▶ _Task details_
Report, as a number alone, how many lines below contain the string "blast".

⁂

(* Let $n\in\mathbb{N}$ and consider input sequences $X\in\mathbb{R}^{n\times d_{\text{emb}}}$ with entries bounded in absolute value by $M$. Let $\operatorname{SaturatedAttn}(X;\Gamma_s)$ be a causally masked saturated attention head with parameter norm bounded by $O(1)$, producing outputs $o_1,\dots,o_n\in\mathbb{R}^{d_h}$. Suppose that for each row $i$, if $j\in\mathcal{M}_i$ and $k\le i$, $k\notin\mathcal{M}_i$, then $\mathbf{A}_{ij}-\mathbf{A}_{ik}\ge\delta$ for some $\delta>0$. Then for any $\varepsilon>0$ there exists a standard single-head causal softmax attention function $\operatorname{Attn}(X;\Gamma)$ with parameter norms bounded by $\operatorname{poly}(M,1/\delta,\log n,\log(1/\varepsilon))$ whose outputs $\tilde o_1,\dots,\tilde o_n$ satisfy $\|\tilde o_i - o_i\|_\infty\le\varepsilon$ for all $1\le i\le n$.
   Context: Saturated masked attention with weights $\Gamma_s=(W_Q,W_K,W_V)$: $\mathbf{A} = XW_Q(XW_K)^\top$, $\mathcal{M}_i = \{j\le i\mid \mathbf{A}_{ij}=\max_{k\le i}\mathbf{A}_{ik}\}$, output $\operatorname{SaturatedAttn}(X;\Gamma_s)_i = \frac{1}{|\mathcal{M}_i|}\sum_{j\in\mathcal{M}_i}X_jW_V$. A causal softmax attention head with parameters $(W_Q',W_K',W_V')$ outputs at row $i$ the vector $\sum_{j\le i}\alpha_{ij}X_jW_V'$ with $\alpha_{ij} = \exp(q_i\cdot k_j)/\sum_{k\le i}\exp(q_i\cdot k_k)$, $q_i = X_iW_Q'$, $k_j = X_jW_K'$. *)

theory Defs
  imports "HOL-Analysis.Analysis"
begin

text \<open>Input sequences: rows X 1, ..., X n, each a row vector in R^{d_emb} (index type 'e).
 Weight matrices W :: real^'k^'e are d_emb x d_k matrices; X_i W is  X i v* W.\<close>

definition attn_score ::
  "(nat \<Rightarrow> real^'e) \<Rightarrow> real^'k^'e \<Rightarrow> real^'k^'e \<Rightarrow> nat \<Rightarrow> nat \<Rightarrow> real" where
  "attn_score X WQ WK i j = (X i v* WQ) \<bullet> (X j v* WK)"

definition max_set ::
  "(nat \<Rightarrow> real^'e) \<Rightarrow> real^'k^'e \<Rightarrow> real^'k^'e \<Rightarrow> nat \<Rightarrow> nat set" where
  "max_set X WQ WK i =
     {j \<in> {1..i}. attn_score X WQ WK i j = Max ((\<lambda>k. attn_score X WQ WK i k) ` {1..i})}"

definition saturated_attn ::
  "(nat \<Rightarrow> real^'e) \<Rightarrow> real^'k^'e \<Rightarrow> real^'k^'e \<Rightarrow> real^'h^'e \<Rightarrow> nat \<Rightarrow> real^'h" where
  "saturated_attn X WQ WK WV i =
     (1 / real (card (max_set X WQ WK i))) *\<^sub>R (\<Sum>j\<in>max_set X WQ WK i. X j v* WV)"

definition softmax_attn ::
  "(nat \<Rightarrow> real^'e) \<Rightarrow> real^'k^'e \<Rightarrow> real^'k^'e \<Rightarrow> real^'h^'e \<Rightarrow> nat \<Rightarrow> real^'h" where
  "softmax_attn X WQ WK WV i =
     (\<Sum>j\<in>{1..i}. (exp (attn_score X WQ WK i j) /
                     (\<Sum>k\<in>{1..i}. exp (attn_score X WQ WK i k))) *\<^sub>R (X j v* WV))"

definition linf_norm :: "real^'h \<Rightarrow> real" where
  "linf_norm v = Max (range (\<lambda>h. \<bar>v $ h\<bar>))"

end

theory Submission
  imports Defs
begin

text \<open>Scaling the query matrix by c multiplies every attention score by c, i.e. runs softmax
  at inverse temperature c. If every score outside the maximising set lies at least \<delta> below
  the maximum, the softmax weight outside that set is at most i exp(-c \<delta>), so the softmax
  average of the value vectors is within 2 K i exp(-c \<delta>) of their uniform average over the
  maximising set, K bounding the value vectors. Taking c \<delta> = ln n + ln(1/\<epsilon>) + 2 K makes this
  at most \<epsilon>; since K = O(M), the scale c is quadratic in M, 1/\<delta>, ln n and ln(1/\<epsilon>), while the
  key and value matrices are kept unchanged.\<close>

lemma exp_sum_le_of_gap:
  fixes a :: "'i \<Rightarrow> real"
  assumes "\<forall>k\<in>R. a k \<le> m - \<delta>" and "c \<ge> 0"
  shows "(\<Sum>k\<in>R. exp (c * a k)) \<le> real (card R) * exp (c * m) * exp (- (c * \<delta>))"
proof -
  have "(\<Sum>k\<in>R. exp (c * a k)) \<le> (\<Sum>k\<in>R. exp (c * m) * exp (- (c * \<delta>)))"
  proof (rule sum_mono)
    fix k assume "k \<in> R"
    then have "c * a k \<le> c * m + - (c * \<delta>)"
      using assms mult_left_mono[of "a k" "m - \<delta>" c] by (simp add: right_diff_distrib)
    then show "exp (c * a k) \<le> exp (c * m) * exp (- (c * \<delta>))"
      by (simp flip: exp_add)
  qed
  then show ?thesis by simp
qed

lemma weighted_average_near_uniform_average:
  fixes p :: "'i \<Rightarrow> real" and v :: "'i \<Rightarrow> 'a::real_normed_vector"
  assumes "finite I" and "S \<subseteq> I" and "S \<noteq> {}"
    and top: "\<forall>j\<in>S. p j = e" and "e > 0" and nonneg: "\<forall>k\<in>I. p k \<ge> 0"
    and bound: "\<forall>j\<in>I. norm (v j) \<le> K"
  shows "norm ((\<Sum>j\<in>I. (p j / (\<Sum>k\<in>I. p k)) *\<^sub>R v j) - (1 / real (card S)) *\<^sub>R (\<Sum>j\<in>S. v j))
         \<le> 2 * K * (\<Sum>k\<in>I - S. p k) / (\<Sum>k\<in>I. p k)"
proof -
  define ns where "ns = real (card S)"
  define r where "r = (\<Sum>k\<in>I - S. p k)"
  define q where "q = (\<Sum>k\<in>I - S. p k *\<^sub>R v k)"
  define u where "u = (\<Sum>j\<in>S. v j)"
  define Z where "Z = (\<Sum>k\<in>I. p k)"
  have "finite S" using assms(1,2) finite_subset by blast
  then have ns: "ns \<ge> 1" using \<open>S \<noteq> {}\<close> by (simp add: ns_def Suc_le_eq card_gt_0_iff)
  have r: "r \<ge> 0" unfolding r_def using nonneg by (intro sum_nonneg) auto
  have Z_split: "Z = ns * e + r"
    using sum.subset_diff[OF assms(2,1), of p] top by (simp add: Z_def r_def ns_def)
  then have Z: "Z > 0" using ns \<open>e > 0\<close> r by (smt (verit) mult_pos_pos)
  have "(\<Sum>j\<in>I. (p j / Z) *\<^sub>R v j) = (1 / Z) *\<^sub>R (\<Sum>j\<in>I. p j *\<^sub>R v j)"
    by (simp add: scaleR_sum_right)
  also have "(\<Sum>j\<in>I. p j *\<^sub>R v j) = e *\<^sub>R u + q"
    using sum.subset_diff[OF assms(2,1), of "\<lambda>j. p j *\<^sub>R v j"] top
    by (simp add: q_def u_def scaleR_sum_right)
  finally have average: "(\<Sum>j\<in>I. (p j / Z) *\<^sub>R v j) = (1 / Z) *\<^sub>R (e *\<^sub>R u + q)" .
  have coeff: "e / Z - 1 / ns = - (r / (ns * Z))"
    using ns Z by (simp add: Z_split field_simps)
  have "(1 / Z) *\<^sub>R (e *\<^sub>R u + q) - (1 / ns) *\<^sub>R u = (e / Z - 1 / ns) *\<^sub>R u + (1 / Z) *\<^sub>R q"
    by (simp add: algebra_simps)
  also have "\<dots> = (1 / (ns * Z)) *\<^sub>R (ns *\<^sub>R q - r *\<^sub>R u)"
    using ns by (simp add: coeff algebra_simps)
  finally have diff: "(1 / Z) *\<^sub>R (e *\<^sub>R u + q) - (1 / ns) *\<^sub>R u
      = (1 / (ns * Z)) *\<^sub>R (ns *\<^sub>R q - r *\<^sub>R u)" .
  have "norm q \<le> (\<Sum>k\<in>I - S. p k * K)"
    unfolding q_def using bound nonneg
    by (intro order_trans[OF norm_sum] sum_mono) (auto intro: mult_left_mono)
  then have q: "norm q \<le> r * K" by (simp add: r_def sum_distrib_right)
  have "norm u \<le> (\<Sum>j\<in>S. K)"
    unfolding u_def using bound assms(2) by (intro order_trans[OF norm_sum] sum_mono) auto
  then have u: "norm u \<le> ns * K" by (simp add: ns_def)
  define w where "w = ns *\<^sub>R q - r *\<^sub>R u"
  have "norm w \<le> ns * (r * K) + r * (ns * K)"
    unfolding w_def using ns r q u
    by (intro order_trans[OF norm_triangle_ineq4] add_mono) (auto intro: mult_left_mono)
  then have "norm w \<le> ns * (2 * r * K)" by (simp add: algebra_simps)
  then have "norm ((1 / (ns * Z)) *\<^sub>R w) \<le> 2 * K * r / Z"
    using ns Z by (simp add: field_simps)
  then show ?thesis
    unfolding Z_def[symmetric] r_def[symmetric] average u_def[symmetric] ns_def[symmetric] diff
      w_def[symmetric] .
qed

lemma softmax_average_near_uniform_average:
  fixes a :: "'i \<Rightarrow> real" and v :: "'i \<Rightarrow> 'a::real_normed_vector"
  assumes "finite I" and "S \<subseteq> I" and "S \<noteq> {}"
    and top: "\<forall>j\<in>S. a j = m" and gap: "\<forall>k\<in>I - S. a k \<le> m - \<delta>"
    and bound: "\<forall>j\<in>I. norm (v j) \<le> K" and "c \<ge> 0"
  shows "norm ((\<Sum>j\<in>I. (exp (c * a j) / (\<Sum>k\<in>I. exp (c * a k))) *\<^sub>R v j)
                - (1 / real (card S)) *\<^sub>R (\<Sum>j\<in>S. v j))
         \<le> 2 * K * real (card I) * exp (- (c * \<delta>))"
proof -
  define e where "e = exp (c * m)"
  define r where "r = (\<Sum>k\<in>I - S. exp (c * a k))"
  define Z where "Z = (\<Sum>k\<in>I. exp (c * a k))"
  have "e > 0" and "r \<ge> 0" by (simp_all add: e_def r_def sum_nonneg)
  have K: "K \<ge> 0" using bound assms(2,3) norm_ge_zero order_trans by blast
  obtain j where "j \<in> S" using \<open>S \<noteq> {}\<close> by blast
  then have "e \<le> Z"
    unfolding Z_def e_def using top assms(1,2) by (metis exp_ge_zero member_le_sum subsetD)
  have "r \<le> real (card (I - S)) * e * exp (- (c * \<delta>))"
    unfolding r_def e_def by (rule exp_sum_le_of_gap[OF gap \<open>c \<ge> 0\<close>])
  also have "\<dots> \<le> real (card I) * e * exp (- (c * \<delta>))"
    using \<open>e > 0\<close> assms(1) by (intro mult_right_mono) (auto intro: card_mono)
  finally have tail: "r \<le> real (card I) * e * exp (- (c * \<delta>))" .
  have "2 * K * r / Z \<le> 2 * K * r / e"
    using \<open>e \<le> Z\<close> \<open>e > 0\<close> \<open>r \<ge> 0\<close> K by (intro divide_left_mono) auto
  also have "\<dots> \<le> 2 * K * (real (card I) * e * exp (- (c * \<delta>))) / e"
    using tail \<open>e > 0\<close> K by (intro divide_right_mono mult_left_mono) auto
  also have "\<dots> = 2 * K * real (card I) * exp (- (c * \<delta>))"
    using \<open>e > 0\<close> by simp
  finally show ?thesis
    using weighted_average_near_uniform_average[OF assms(1-3), of "\<lambda>j. exp (c * a j)" e v K]
      top bound \<open>e > 0\<close>
    by (simp add: e_def r_def Z_def)
qed

lemma norm_vector_matrix_mult_le:
  fixes x :: "real^'n" and W :: "real^'m^'n"
  shows "norm (x v* W) \<le> norm x * norm W"
proof -
  have "x v* W = (\<Sum>i\<in>UNIV. x $ i *\<^sub>R W $ i)"
    by (simp add: vec_eq_iff vector_matrix_mult_def mult.commute)
  then have "norm (x v* W) \<le> (\<Sum>i\<in>UNIV. \<bar>x $ i\<bar> * \<bar>norm (W $ i)\<bar>)"
    using norm_sum[of "\<lambda>i. x $ i *\<^sub>R W $ i" UNIV] by simp
  also have "\<dots> \<le> norm x * norm W"
    using L2_set_mult_ineq[of "\<lambda>i. norm (x $ i)" "\<lambda>i. norm (W $ i)" UNIV]
    by (simp add: norm_vec_def)
  finally show ?thesis .
qed

lemma norm_le_of_components_le:
  fixes x :: "real^'n"
  assumes "\<forall>i. \<bar>x $ i\<bar> \<le> M"
  shows "norm x \<le> real CARD('n) * M"
  using norm_le_l1_cart[of x] sum_mono[of UNIV "\<lambda>i. \<bar>x $ i\<bar>" "\<lambda>_. M"] assms by simp

lemma linf_norm_le_norm: "linf_norm v \<le> norm v"
  unfolding linf_norm_def by (simp add: component_le_norm_cart)

lemma attn_score_scaleR_query:
  "attn_score X (c *\<^sub>R WQ) WK i j = c * attn_score X WQ WK i j"
  by (simp add: attn_score_def vector_scaleR_matrix_ac)

lemma max_set_subset: "max_set X WQ WK i \<subseteq> {1..i}"
  by (auto simp: max_set_def)

lemma attn_score_max_set:
  "j \<in> max_set X WQ WK i \<Longrightarrow>
     attn_score X WQ WK i j = Max ((\<lambda>k. attn_score X WQ WK i k) ` {1..i})"
  by (simp add: max_set_def)

lemma max_set_nonempty:
  assumes "1 \<le> i"
  shows "max_set X WQ WK i \<noteq> {}"
proof -
  let ?a = "attn_score X WQ WK i"
  have "Max (?a ` {1..i}) \<in> ?a ` {1..i}"
    using assms by (intro Max_in) auto
  then show ?thesis by (force simp: max_set_def)
qed

lemma softmax_attn_scaleR_near_saturated_attn:
  assumes "1 \<le> i"
    and gap: "\<forall>j\<in>max_set X WQ WK i. \<forall>k\<in>{1..i}. k \<notin> max_set X WQ WK i \<longrightarrow>
        attn_score X WQ WK i j - attn_score X WQ WK i k \<ge> \<delta>"
    and value_bound: "\<forall>j\<in>{1..i}. norm (X j v* WV) \<le> K" and "c \<ge> 0"
  shows "linf_norm (softmax_attn X (c *\<^sub>R WQ) WK WV i - saturated_attn X WQ WK WV i)
           \<le> 2 * K * real i * exp (- (c * \<delta>))"
proof -
  let ?a = "attn_score X WQ WK i" and ?S = "max_set X WQ WK i"
  define m where "m = Max (?a ` {1..i})"
  obtain j0 where j0: "j0 \<in> ?S" using max_set_nonempty[OF \<open>1 \<le> i\<close>] by blast
  have top: "\<forall>j\<in>?S. ?a j = m"
    by (simp add: attn_score_max_set m_def)
  have rest: "\<forall>k\<in>{1..i} - ?S. ?a k \<le> m - \<delta>"
    using gap j0 top by fastforce
  have "norm (softmax_attn X (c *\<^sub>R WQ) WK WV i - saturated_attn X WQ WK WV i)
          \<le> 2 * K * real (card {1..i}) * exp (- (c * \<delta>))"
    unfolding softmax_attn_def saturated_attn_def attn_score_scaleR_query
    by (rule softmax_average_near_uniform_average[OF _ max_set_subset
          max_set_nonempty[OF \<open>1 \<le> i\<close>] top rest value_bound \<open>c \<ge> 0\<close>]) simp
  then show ?thesis
    using linf_norm_le_norm order_trans by fastforce
qed

definition saturating_scale :: "nat \<Rightarrow> real \<Rightarrow> real \<Rightarrow> real \<Rightarrow> real" where
  "saturating_scale n K \<delta> \<epsilon> = (ln (real n) + max 0 (ln (1 / \<epsilon>)) + 2 * K) / \<delta>"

⁂

▶ _Problem solution_
4